(Collected data)

lemma sol_has_vector_derivative:
  assumes "bounded_piecewise_constant u"
  obtains S where "finite S" "continuous_on {0..T} (sol \<alpha> b u p)"
    "\<And>t. t \<in> {0<..<T} - S \<Longrightarrow> (sol \<alpha> b u p has_vector_derivative fld \<alpha> b (u t) (sol \<alpha> b u p t)) (at t)"
proof -
  obtain S where S: "finite S"
    "continuous_on {0..T} (control_integral u)" "continuous_on {0..T} (sol_v \<alpha> b u (fst p))"
    "\<And>t. t \<in> {0<..<T} - S \<Longrightarrow> (control_integral u has_real_derivative u t) (at t)"
    "\<And>t. t \<in> {0<..<T} - S \<Longrightarrow>
       (sol_v \<alpha> b u (fst p) has_real_derivative u t * (exp (- b * t) * sol_x \<alpha> u (fst p) t)) (at t)"
    using sol_components_has_derivative[OF assms] by blast
  have "continuous_on {0..T} (sol \<alpha> b u p)"
    unfolding sol_def sol_x_def sol_y_def by (intro continuous_intros S(2,3))
  moreover have "(sol \<alpha> b u p has_vector_derivative fld \<alpha> b (u t) (sol \<alpha> b u p t)) (at t)"
    if t: "t \<in> {0<..<T} - S" for t
  proof -
    have "(sol_x \<alpha> u (fst p) has_real_derivative u t * \<alpha> * sol_x \<alpha> u (fst p) t) (at t)"
      unfolding sol_x_def by (rule derivative_eq_intros S(4)[OF t] refl | simp)+
    moreover have "(sol_y \<alpha> b u (fst p) (snd p) has_real_derivative
        b * sol_y \<alpha> b u (fst p) (snd p) t + u t * sol_x \<alpha> u (fst p) t) (at t)"
    proof -
      have "(sol_y \<alpha> b u (fst p) (snd p) has_real_derivative
          exp (b * t) * b * (snd p + sol_v \<alpha> b u (fst p) t)
          + exp (b * t) * (u t * (exp (- b * t) * sol_x \<alpha> u (fst p) t))) (at t)"
        unfolding sol_y_def by (rule derivative_eq_intros S(5)[OF t] refl | simp)+
      then show ?thesis
        unfolding sol_y_def by (simp add: exp_minus field_simps)
    qed
    ultimately show ?thesis
      unfolding sol_def fld_def has_real_derivative_iff_has_vector_derivative
      by (auto intro: has_vector_derivative_Pair)
  qed
  ultimately show ?thesis using that S(1) by blast
qed
lemma cinner_sum_right: "finite A \<Longrightarrow> cinner x (\<Sum>a\<in>A. f a) = (\<Sum>a\<in>A. cinner x (f a))"
  by (induction A rule: finite_induct) (auto simp: cinner_add_right)

lemma cinner_right_eq_zero_imp_zero: "(\<And>h. cinner h (x::'a::complex_inner) = 0) \<Longrightarrow> x = 0"
  by (metis cinner_re inner_eq_zero_iff zero_complex.simps(1))

lemma bounded_clinear_add: "bounded_clinear T \<Longrightarrow> T (x + y) = T x + T y"
  unfolding bounded_clinear_def by (simp add: linear_simps)

lemma bounded_clinear_zero: "bounded_clinear T \<Longrightarrow> T 0 = 0"
  unfolding bounded_clinear_def by (simp add: linear_simps)

lemma bounded_clinear_minus: "bounded_clinear T \<Longrightarrow> T (- x) = - T x"
  unfolding bounded_clinear_def by (simp add: linear_simps)

lemma bounded_clinear_scaleC: "bounded_clinear T \<Longrightarrow> T (c *\<^sub>C x) = c *\<^sub>C T x"
  unfolding bounded_clinear_def by simp

lemma is_adjoint_sym: "is_adjoint T S \<Longrightarrow> is_adjoint S T"
  unfolding is_adjoint_def by (metis cinner_commute)

lemma operator_system_bounded_clinear: "operator_system V \<Longrightarrow> x \<in> V \<Longrightarrow> bounded_clinear x"
  unfolding operator_system_def BH_def by blast

lemma operator_system_uminus:
  assumes "operator_system V" "x \<in> V"
  shows "- x \<in> V"
proof -
  have "(\<lambda>h. (-1) *\<^sub>C x h) \<in> V" using assms unfolding operator_system_def by blast
  moreover have "(\<lambda>h. (-1) *\<^sub>C x h) = - x" by (simp add: fun_eq_iff scaleC_minus1_left)
  ultimately show ?thesis by simp
qed

lemma bounded_clinear_comp:
  "bounded_clinear S \<Longrightarrow> bounded_clinear T \<Longrightarrow> bounded_clinear (S \<circ> T)"
  unfolding bounded_clinear_def comp_def using bounded_linear_compose[of S T] by simp

lemma uminus_image_iff: "(x::'a::group_add) \<in> uminus ` A \<longleftrightarrow> - x \<in> A"
  by (auto intro: image_eqI[of _ _ "- x"])

lemma sesquilinear_eq_zero_if_diagonal_zero:
  fixes B :: "'a::plus \<Rightarrow> 'a \<Rightarrow> complex" and sc :: "complex \<Rightarrow> 'a \<Rightarrow> 'a"
  assumes add_left: "\<And>x y z. B (x + y) z = B x z + B y z"
    and add_right: "\<And>x y z. B z (x + y) = B z x + B z y"
    and scale_left: "\<And>c x y. B (sc c x) y = cnj c * B x y"
    and scale_right: "\<And>c x y. B x (sc c y) = c * B x y"
    and diag: "\<And>x. B x x = 0"
  shows "B x y = 0"
proof -
  have "B (x + y) (x + y) = B x x + B y x + (B x y + B y y)"
    by (simp add: add_left add_right)
  then have skew: "B x y + B y x = 0" by (simp add: diag add.commute)
  have "B (x + sc \<i> y) (x + sc \<i> y) = B x x + \<i> * B x y + cnj \<i> * B y x + B y y"
    by (simp add: add_left add_right scale_left scale_right algebra_simps)
  then have "\<i> * (B x y - B y x) = 0" by (simp add: diag algebra_simps)
  then have "B x y = B y x" by simp
  with skew show ?thesis by simp
qed

lemma positive_op_antisym:
  assumes T: "bounded_clinear T" and "positive_op T" and "positive_op (- T)"
  shows "T = 0"
proof -
  have diag: "cinner h (T h) = 0" for h
  proof -
    have "Im (cinner h (T h)) = 0" "Re (cinner h (T h)) \<ge> 0" "Re (- cinner h (T h)) \<ge> 0"
      using assms(2,3) unfolding positive_op_def by (auto simp: cinner_minus_right)
    then show ?thesis by (simp add: complex_eq_iff)
  qed
  have "cinner h (T k) = 0" for h k
    by (rule sesquilinear_eq_zero_if_diagonal_zero[where B = "\<lambda>h k. cinner h (T k)" and sc = scaleC])
       (simp_all add: diag cinner_add_left cinner_add_right cinner_scaleC_left cinner_scaleC_right
          bounded_clinear_add[OF T] bounded_clinear_scaleC[OF T])
  then have "T k = 0" for k by (rule cinner_right_eq_zero_imp_zero)
  then show ?thesis by (simp add: fun_eq_iff)
qed

lemma hn_inner_mat_apply:
  "hn_inner \<xi> (mat_apply M \<eta>) = (\<Sum>i\<in>UNIV. \<Sum>j\<in>UNIV. cinner (\<xi> i) (M i j (\<eta> j)))"
  unfolding hn_inner_def mat_apply_def by (simp add: cinner_sum_right)

lemma positive_mat_antisym:
  fixes M :: "'n::finite \<Rightarrow> 'n \<Rightarrow> 'h::complex_inner \<Rightarrow> 'h"
  assumes M: "\<And>i j. bounded_clinear (M i j)" and "positive_mat M" and "positive_mat (- M)"
  shows "M = 0"
proof -
  define B where "B \<xi> \<eta> = hn_inner \<xi> (mat_apply M \<eta>)" for \<xi> \<eta> :: "'n \<Rightarrow> 'h"
  have diag: "B \<xi> \<xi> = 0" for \<xi>
  proof -
    have "hn_inner \<xi> (mat_apply (- M) \<xi>) = - B \<xi> \<xi>"
      unfolding B_def hn_inner_mat_apply by (simp add: cinner_minus_right sum_negf)
    then have "Im (B \<xi> \<xi>) = 0" "Re (B \<xi> \<xi>) \<ge> 0" "Re (- B \<xi> \<xi>) \<ge> 0"
      using assms(2,3) unfolding positive_mat_def B_def by metis+
    then show ?thesis by (simp add: complex_eq_iff)
  qed
  have form: "B \<xi> \<eta> = 0" for \<xi> \<eta>
    by (rule sesquilinear_eq_zero_if_diagonal_zero[where B = B and sc = "\<lambda>c \<xi> i. c *\<^sub>C \<xi> i"])
       (simp_all add: diag B_def hn_inner_mat_apply cinner_add_left cinner_add_right
          cinner_scaleC_left cinner_scaleC_right bounded_clinear_add[OF M] bounded_clinear_scaleC[OF M]
          sum.distrib sum_distrib_left)
  have "cinner h (M i j k) = 0" for i j h k
  proof -
    have "cinner (if l = i then h else 0) (M l m (if m = j then k else 0))
        = (if m = j then if l = i then cinner h (M i j k) else 0 else 0)" for l m
      by (simp add: bounded_clinear_zero[OF M])
    then have "B (\<lambda>l. if l = i then h else 0) (\<lambda>m. if m = j then k else 0) = cinner h (M i j k)"
      unfolding B_def hn_inner_mat_apply by simp
    with form show ?thesis by simp
  qed
  then have "M i j k = 0" for i j k by (rule cinner_right_eq_zero_imp_zero)
  then show ?thesis by (simp add: fun_eq_iff)
qed

lemma positive_op_zero: "positive_op 0"
  unfolding positive_op_def by simp

lemma positive_mat_zero: "positive_mat (\<lambda>(i::'n::finite) (j::'n). 0 :: 'h::complex_inner \<Rightarrow> 'h)"
  unfolding positive_mat_def hn_inner_mat_apply by simp

lemma selfadjoint_uminus_iff: "selfadjoint (- x) \<longleftrightarrow> selfadjoint x"
  unfolding selfadjoint_def is_adjoint_def by (simp add: cinner_minus_left cinner_minus_right)

lemma selfadjoint_mat_uminus_iff: "selfadjoint_mat (- X) \<longleftrightarrow> selfadjoint_mat X"
  unfolding selfadjoint_mat_def is_adjoint_def by (simp add: cinner_minus_left cinner_minus_right)
text \<open>Cut the line into cells of width \<open>\<epsilon>\<close>. If the cell of \<open>X\<^sub>i\<close> holds more than \<open>K\<close>
  sample points, then \<open>K\<close> other sample points lie within \<open>\<epsilon>\<close> of \<open>X\<^sub>i\<close>, so every SMOTE point
  generated from \<open>X\<^sub>i\<close> is \<open>\<epsilon>\<close>-close to it. Call \<open>i\<close> bad otherwise, or if \<open>|X\<^sub>i| > M\<close>. Only
  \<open>C(M, \<epsilon>)\<close> cells meet \<open>[-M, M]\<close>, and a cell holding at most \<open>K\<close> sample points contributes at
  most \<open>K\<close> bad indices, so the expected number of bad indices is at most
  \<open>n P(|X| > M) + K C(M, \<epsilon>)\<close>. For the uniformly chosen \<open>i\<close> this gives
  \<open>P(|Z - X\<^sub>i| > \<epsilon>) \<le> P(|X| > M) + K C(M, \<epsilon>) / n\<close>; let \<open>n \<rightarrow> \<infinity>\<close>, then \<open>M \<rightarrow> \<infinity>\<close>.
  The argument never uses that \<open>X\<close> has no atoms.\<close>

lemma measure_pair_measure_Times:
  assumes "sigma_finite_measure N" "A \<in> sets M" "B \<in> sets N"
  shows "measure (M \<Otimes>\<^sub>M N) (A \<times> B) = measure M A * measure N B"
  using sigma_finite_measure.emeasure_pair_measure_Times[OF assms]
  by (simp add: measure_def enn2real_mult)

lemma measure_PiM_component:
  assumes "prob_space \<mu>" "i \<in> I" "A \<in> sets \<mu>"
  shows "measure (PiM I (\<lambda>_. \<mu>)) {x \<in> space (PiM I (\<lambda>_. \<mu>)). x i \<in> A} = measure \<mu> A"
proof -
  interpret product_prob_space "\<lambda>_. \<mu>" I
    using assms(1) by (simp add: product_prob_space_def product_prob_space_axioms_def
        product_sigma_finite_def prob_space_imp_sigma_finite)
  show ?thesis
    using emeasure_PiM_Collect_single[OF assms(2,3)] by (simp add: measure_def)
qed

lemma (in finite_measure) sum_measure_le_if_multiplicity_le:
  assumes "finite I" "\<And>i. i \<in> I \<Longrightarrow> A i \<in> sets M"
    and "\<And>x. x \<in> space M \<Longrightarrow> card {i\<in>I. x \<in> A i} \<le> c"
  shows "(\<Sum>i\<in>I. measure M (A i)) \<le> c * measure M (space M)"
proof -
  have "(\<Sum>i\<in>I. measure M (A i)) = (\<Sum>i\<in>I. LINT x|M. indicator (A i) x)"
    using assms(2) by (simp add: emeasure_finite)
  also have "\<dots> = (LINT x|M. (\<Sum>i\<in>I. indicator (A i) x))"
    using assms(2) by (intro Bochner_Integration.integral_sum[symmetric])
      (simp add: emeasure_finite less_top[symmetric])
  also have "\<dots> \<le> (LINT x|M. real c)"
  proof (rule integral_mono)
    fix x assume "x \<in> space M"
    have "(\<Sum>i\<in>I. indicator (A i) x :: real) = card {i\<in>I. x \<in> A i}"
      using assms(1) by (simp add: indicator_def Int_def)
    then show "(\<Sum>i\<in>I. indicator (A i) x) \<le> real c"
      using assms(3)[OF \<open>x \<in> space M\<close>] by simp
  qed (use assms(2) in \<open>auto simp: emeasure_finite less_top[symmetric]\<close>)
  also have "\<dots> = c * measure M (space M)"
    by simp
  finally show ?thesis .
qed

lemma measure_abs_gt_LIMSEQ_zero:
  fixes \<mu> :: "real measure"
  assumes "finite_measure \<mu>" "sets \<mu> = sets borel"
  shows "(\<lambda>m. measure \<mu> {t. real m < \<bar>t\<bar>}) \<longlonglongrightarrow> 0"
proof -
  interpret finite_measure \<mu>
    by (fact assms(1))
  have "{t. real m < \<bar>t\<bar>} \<in> sets \<mu>" for m
    unfolding assms(2) by measurable
  then have "(\<lambda>m. measure \<mu> {t. real m < \<bar>t\<bar>}) \<longlonglongrightarrow> measure \<mu> (\<Inter>m. {t. real m < \<bar>t\<bar>})"
    by (intro finite_Lim_measure_decseq) (auto simp: decseq_def)
  moreover have "(\<Inter>m. {t::real. real m < \<bar>t\<bar>}) = {}"
  proof (intro equals0I)
    fix t assume "t \<in> (\<Inter>m. {t. real m < \<bar>t\<bar>})"
    then have "real m < \<bar>t\<bar>" for m
      by blast
    then show False
      using real_arch_simple[of "\<bar>t\<bar>"] not_less by blast
  qed
  ultimately show ?thesis
    by simp
qed

lemma LIMSEQ_zero_if_le_add_div:
  fixes a :: "nat \<Rightarrow> real"
  assumes "\<And>n. 0 \<le> a n" and "\<And>\<delta>. \<delta> > 0 \<Longrightarrow> \<exists>C. \<forall>n\<ge>1. a n \<le> \<delta> + C / n"
  shows "a \<longlonglongrightarrow> 0"
proof (rule order_tendstoI)
  fix r :: real assume "r > 0"
  then obtain C where C: "\<forall>n\<ge>1. a n \<le> r / 2 + C / n"
    using assms(2)[of "r / 2"] by auto
  have "eventually (\<lambda>n. C / real n < r / 2) sequentially"
    using \<open>r > 0\<close> by (intro order_tendstoD(2)[OF lim_const_over_n]) simp
  then show "eventually (\<lambda>n. a n < r) sequentially"
    using eventually_ge_at_top[of 1]
  proof eventually_elim
    case (elim n)
    then have "a n \<le> r / 2 + C / n"
      using C by blast
    with elim show "a n < r"
      by linarith
  qed
next
  fix r :: real assume "r < 0"
  then have "r < a n" for n
    using assms(1)[of n] by linarith
  then show "eventually (\<lambda>n. r < a n) sequentially"
    by (simp add: always_eventually)
qed

lemma abs_diff_less_if_floor_divide_eq:
  fixes a b e :: real
  assumes "e > 0" "\<lfloor>a / e\<rfloor> = \<lfloor>b / e\<rfloor>"
  shows "\<bar>a - b\<bar> < e"
proof -
  have "\<bar>a / e - b / e\<bar> < 1"
    using assms(2) floor_correct[of "a / e"] floor_correct[of "b / e"]
    unfolding abs_less_iff by linarith
  also have "\<bar>a / e - b / e\<bar> = \<bar>a - b\<bar> / e"
    using assms(1) by (simp add: diff_divide_distrib[symmetric])
  finally show ?thesis
    using assms(1) by simp
qed

lemma card_small_fibres_le:
  assumes "finite I" "finite C"
  shows "card {i\<in>I. f i \<in> C \<and> card {j\<in>I. f j = f i} \<le> K} \<le> K * card C"
proof -
  define F where "F c = {i\<in>I. f i = c \<and> card {j\<in>I. f j = c} \<le> K}" for c
  have "card (F c) \<le> K" for c
  proof (cases "card {j\<in>I. f j = c} \<le> K")
    case True
    have "card (F c) \<le> card {j\<in>I. f j = c}"
      unfolding F_def using assms(1) by (intro card_mono) auto
    with True show ?thesis by linarith
  qed (simp add: F_def)
  have "card {i\<in>I. f i \<in> C \<and> card {j\<in>I. f j = f i} \<le> K} \<le> card (\<Union>c\<in>C. F c)"
    using assms by (intro card_mono) (auto simp: F_def)
  also have "\<dots> \<le> (\<Sum>c\<in>C. card (F c))"
    by (rule card_UN_le[OF assms(2)])
  also have "\<dots> \<le> K * card C"
    using sum_mono[of C "\<lambda>c. card (F c)" "\<lambda>_. K"] \<open>\<And>c. card (F c) \<le> K\<close> by (simp add: mult.commute)
  finally show ?thesis .
qed

lemma sorted_key_nth_le_if_length_filter_gt:
  assumes "sorted (map f ys)" "k < length (filter (\<lambda>y. f y \<le> e) ys)"
  shows "f (ys ! k) \<le> e"
proof (rule ccontr)
  let ?P = "\<lambda>y. f y \<le> e"
  assume "\<not> ?P (ys ! k)"
  have k: "k < length ys"
    using assms(2) length_filter_le order.strict_trans2 by blast
  have "\<not> ?P (ys ! (k + p))" if "k + p < length ys" for p
    using \<open>\<not> ?P (ys ! k)\<close> sorted_nth_mono[OF assms(1), of k "k + p"] that by auto
  then have "filter ?P (drop k ys) = []"
    using k by (auto simp: filter_empty_conv in_set_conv_nth)
  then have "length (filter ?P ys) = length (filter ?P (take k ys))"
    by (metis append_Nil2 append_take_drop_id filter_append)
  also have "\<dots> \<le> k"
    using length_filter_le[of ?P "take k ys"] by simp
  finally show False
    using assms(2) by simp
qed

definition cell_count :: "real \<Rightarrow> (nat \<Rightarrow> real) \<Rightarrow> nat \<Rightarrow> nat \<Rightarrow> nat" where
  "cell_count \<epsilon> x n i = card {j\<in>{..<n}. \<lfloor>x j / \<epsilon>\<rfloor> = \<lfloor>x i / \<epsilon>\<rfloor>}"

lemma card_sparse_cells_le:
  assumes "\<epsilon> > 0"
  shows "card {i\<in>{..<n}. \<bar>x i\<bar> \<le> M \<and> cell_count \<epsilon> x n i \<le> K}
    \<le> K * card {\<lfloor>-M / \<epsilon>\<rfloor>..\<lfloor>M / \<epsilon>\<rfloor>}"
proof -
  have "\<lfloor>x i / \<epsilon>\<rfloor> \<in> {\<lfloor>-M / \<epsilon>\<rfloor>..\<lfloor>M / \<epsilon>\<rfloor>}" if "\<bar>x i\<bar> \<le> M" for i
    using that assms by (auto intro!: floor_mono simp: field_simps)
  then have "card {i\<in>{..<n}. \<bar>x i\<bar> \<le> M \<and> cell_count \<epsilon> x n i \<le> K}
      \<le> card {i\<in>{..<n}. \<lfloor>x i / \<epsilon>\<rfloor> \<in> {\<lfloor>-M / \<epsilon>\<rfloor>..\<lfloor>M / \<epsilon>\<rfloor>} \<and>
                card {j\<in>{..<n}. \<lfloor>x j / \<epsilon>\<rfloor> = \<lfloor>x i / \<epsilon>\<rfloor>} \<le> K}"
    unfolding cell_count_def by (intro card_mono) auto
  also have "\<dots> \<le> K * card {\<lfloor>-M / \<epsilon>\<rfloor>..\<lfloor>M / \<epsilon>\<rfloor>}"
    by (rule card_small_fibres_le) auto
  finally show ?thesis .
qed

lemma card_close_ge_if_cell_count_gt:
  assumes "\<epsilon> > 0" "i < n" "K < cell_count \<epsilon> x n i"
  shows "K \<le> card {j\<in>{..<n}. j \<noteq> i \<and> \<bar>x j - x i\<bar> \<le> \<epsilon>}"
proof -
  define T where "T = {j\<in>{..<n}. \<lfloor>x j / \<epsilon>\<rfloor> = \<lfloor>x i / \<epsilon>\<rfloor>}"
  have "T - {i} \<subseteq> {j\<in>{..<n}. j \<noteq> i \<and> \<bar>x j - x i\<bar> \<le> \<epsilon>}"
    unfolding T_def using abs_diff_less_if_floor_divide_eq[OF assms(1)] by (auto intro: less_imp_le)
  then have "card (T - {i}) \<le> card {j\<in>{..<n}. j \<noteq> i \<and> \<bar>x j - x i\<bar> \<le> \<epsilon>}"
    by (intro card_mono) auto
  moreover have "card (T - {i}) = cell_count \<epsilon> x n i - 1"
    using assms(2) by (simp add: T_def cell_count_def)
  ultimately show ?thesis
    using assms(3) by linarith
qed

lemma measurable_cell_count [measurable]:
  assumes "i \<in> {..<n}"
  shows "(\<lambda>x. cell_count \<epsilon> x n i) \<in> measurable (PiM {..<n} (\<lambda>_. borel)) (count_space UNIV)"
proof -
  have "cell_count \<epsilon> x n i = (\<Sum>j<n. if \<lfloor>x j / \<epsilon>\<rfloor> = \<lfloor>x i / \<epsilon>\<rfloor> then 1 else 0)" for x
    by (simp add: cell_count_def sum.If_cases Int_def)
  moreover have "(\<lambda>x. \<Sum>j<n. if \<lfloor>x j / \<epsilon>\<rfloor> = \<lfloor>x i / \<epsilon>\<rfloor> then 1 else 0 :: nat)
      \<in> measurable (PiM {..<n} (\<lambda>_. borel)) (count_space UNIV)"
    using assms by measurable
  ultimately show ?thesis by simp
qed

lemma abs_nn_index_diff_le:
  assumes "1 \<le> k" "k \<le> card {j\<in>{..<n}. j \<noteq> i \<and> \<bar>x j - x i\<bar> \<le> \<epsilon>}"
  shows "\<bar>x (nn_index x n i k) - x i\<bar> \<le> \<epsilon>"
proof -
  define ys where "ys = sort_key (\<lambda>j. \<bar>x j - x i\<bar>) (filter (\<lambda>j. j \<noteq> i) [0..<n])"
  have "card {j\<in>{..<n}. j \<noteq> i \<and> \<bar>x j - x i\<bar> \<le> \<epsilon>}
      = card (set (filter (\<lambda>j. \<bar>x j - x i\<bar> \<le> \<epsilon>) ys))"
    by (rule arg_cong[where f = card]) (auto simp: ys_def)
  also have "\<dots> = length (filter (\<lambda>j. \<bar>x j - x i\<bar> \<le> \<epsilon>) ys)"
    by (rule distinct_card) (simp add: ys_def)
  finally have "k - 1 < length (filter (\<lambda>j. \<bar>x j - x i\<bar> \<le> \<epsilon>) ys)"
    using assms by linarith
  then show ?thesis
    unfolding nn_index_def ys_def[symmetric]
    by (rule sorted_key_nth_le_if_length_filter_gt[of "\<lambda>j. \<bar>x j - x i\<bar>", rotated])
      (simp add: ys_def)
qed

lemma abs_smote_point_diff_le:
  assumes "\<epsilon> > 0" "i < n" "k \<in> {1..K}" "l \<in> {0..1}" "K < cell_count \<epsilon> x n i"
  shows "\<bar>smote_point x n i k l - x i\<bar> \<le> \<epsilon>"
proof -
  have "\<bar>smote_point x n i k l - x i\<bar> = l * \<bar>x (nn_index x n i k) - x i\<bar>"
    using assms(4) by (simp add: smote_point_def abs_mult)
  also have "\<dots> \<le> \<bar>x (nn_index x n i k) - x i\<bar>"
    using assms(4) by (intro mult_left_le_one_le) auto
  also have "\<dots> \<le> \<epsilon>"
    using assms card_close_ge_if_cell_count_gt[OF assms(1,2,5)] by (intro abs_nn_index_diff_le) auto
  finally show ?thesis .
qed

lemma sum_measure_outside_or_sparse_le:
  fixes \<mu> :: "real measure" and n K :: nat and \<epsilon> M :: real
  assumes \<mu>: "prob_space \<mu>" "sets \<mu> = sets borel" and "\<epsilon> > 0"
  defines "P \<equiv> PiM {..<n} (\<lambda>_. \<mu>)"
  shows "(\<Sum>i<n. measure P {x \<in> space P. M < \<bar>x i\<bar> \<or> cell_count \<epsilon> x n i \<le> K})
    \<le> n * measure \<mu> {t. M < \<bar>t\<bar>} + K * card {\<lfloor>-M / \<epsilon>\<rfloor>..\<lfloor>M / \<epsilon>\<rfloor>}"
proof -
  interpret P: prob_space P
    unfolding P_def by (rule prob_space_PiM) (use \<mu>(1) in simp)
  have sets_P [measurable_cong]: "sets P = sets (PiM {..<n} (\<lambda>_. borel))"
    unfolding P_def by (intro sets_PiM_cong) (auto simp: \<mu>(2))
  define outside where "outside i = {x \<in> space P. M < \<bar>x i\<bar>}" for i
  define sparse where "sparse i = {x \<in> space P. \<bar>x i\<bar> \<le> M \<and> cell_count \<epsilon> x n i \<le> K}" for i
  have outside_sets: "outside i \<in> sets P" and sparse_sets: "sparse i \<in> sets P" if "i < n" for i
  proof -
    have [measurable]: "i \<in> {..<n}"
      using that by simp
    show "outside i \<in> sets P" "sparse i \<in> sets P"
      unfolding outside_def sparse_def by measurable
  qed
  have "measure P {x \<in> space P. M < \<bar>x i\<bar> \<or> cell_count \<epsilon> x n i \<le> K}
      \<le> measure \<mu> {t. M < \<bar>t\<bar>} + measure P (sparse i)" if "i < n" for i
  proof -
    have "{t. M < \<bar>t\<bar>} \<in> sets \<mu>"
      unfolding \<mu>(2) by measurable
    then have "measure P (outside i) = measure \<mu> {t. M < \<bar>t\<bar>}"
      using measure_PiM_component[OF \<mu>(1), of i "{..<n}" "{t. M < \<bar>t\<bar>}"] that
      by (simp add: outside_def P_def)
    moreover have "{x \<in> space P. M < \<bar>x i\<bar> \<or> cell_count \<epsilon> x n i \<le> K} = outside i \<union> sparse i"
      by (auto simp: outside_def sparse_def)
    ultimately show ?thesis
      using measure_Un_le[OF outside_sets[OF that] sparse_sets[OF that]] by simp
  qed
  then have "(\<Sum>i<n. measure P {x \<in> space P. M < \<bar>x i\<bar> \<or> cell_count \<epsilon> x n i \<le> K})
      \<le> (\<Sum>i<n. measure \<mu> {t. M < \<bar>t\<bar>} + measure P (sparse i))"
    by (intro sum_mono) simp
  also have "\<dots> \<le> n * measure \<mu> {t. M < \<bar>t\<bar>} + K * card {\<lfloor>-M / \<epsilon>\<rfloor>..\<lfloor>M / \<epsilon>\<rfloor>}"
  proof -
    have "(\<Sum>i<n. measure P (sparse i)) \<le> K * card {\<lfloor>-M / \<epsilon>\<rfloor>..\<lfloor>M / \<epsilon>\<rfloor>} * measure P (space P)"
    proof (rule P.sum_measure_le_if_multiplicity_le)
      fix x assume "x \<in> space P"
      then have "{i \<in> {..<n}. x \<in> sparse i} = {i\<in>{..<n}. \<bar>x i\<bar> \<le> M \<and> cell_count \<epsilon> x n i \<le> K}"
        by (auto simp: sparse_def)
      then show "card {i \<in> {..<n}. x \<in> sparse i} \<le> K * card {\<lfloor>-M / \<epsilon>\<rfloor>..\<lfloor>M / \<epsilon>\<rfloor>}"
        using card_sparse_cells_le[OF \<open>\<epsilon> > 0\<close>] by simp
    qed (auto simp: sparse_sets)
    then show ?thesis
      by (simp add: sum.distrib P.prob_space)
  qed
  finally show ?thesis .
qed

* _What is expected_: Would you copy out exactly the lines above that start at the one containing "by (simp add: always_eventually)" and end at the one containing "using assms(1) by simp", inclusive?

* _Solution_:
    by (simp add: always_eventually)
qed

lemma abs_diff_less_if_floor_divide_eq:
  fixes a b e :: real
  assumes "e > 0" "\<lfloor>a / e\<rfloor> = \<lfloor>b / e\<rfloor>"
  shows "\<bar>a - b\<bar> < e"
proof -
  have "\<bar>a / e - b / e\<bar> < 1"
    using assms(2) floor_correct[of "a / e"] floor_correct[of "b / e"]
    unfolding abs_less_iff by linarith
  also have "\<bar>a / e - b / e\<bar> = \<bar>a - b\<bar> / e"
    using assms(1) by (simp add: diff_divide_distrib[symmetric])
  finally show ?thesis
    using assms(1) by simp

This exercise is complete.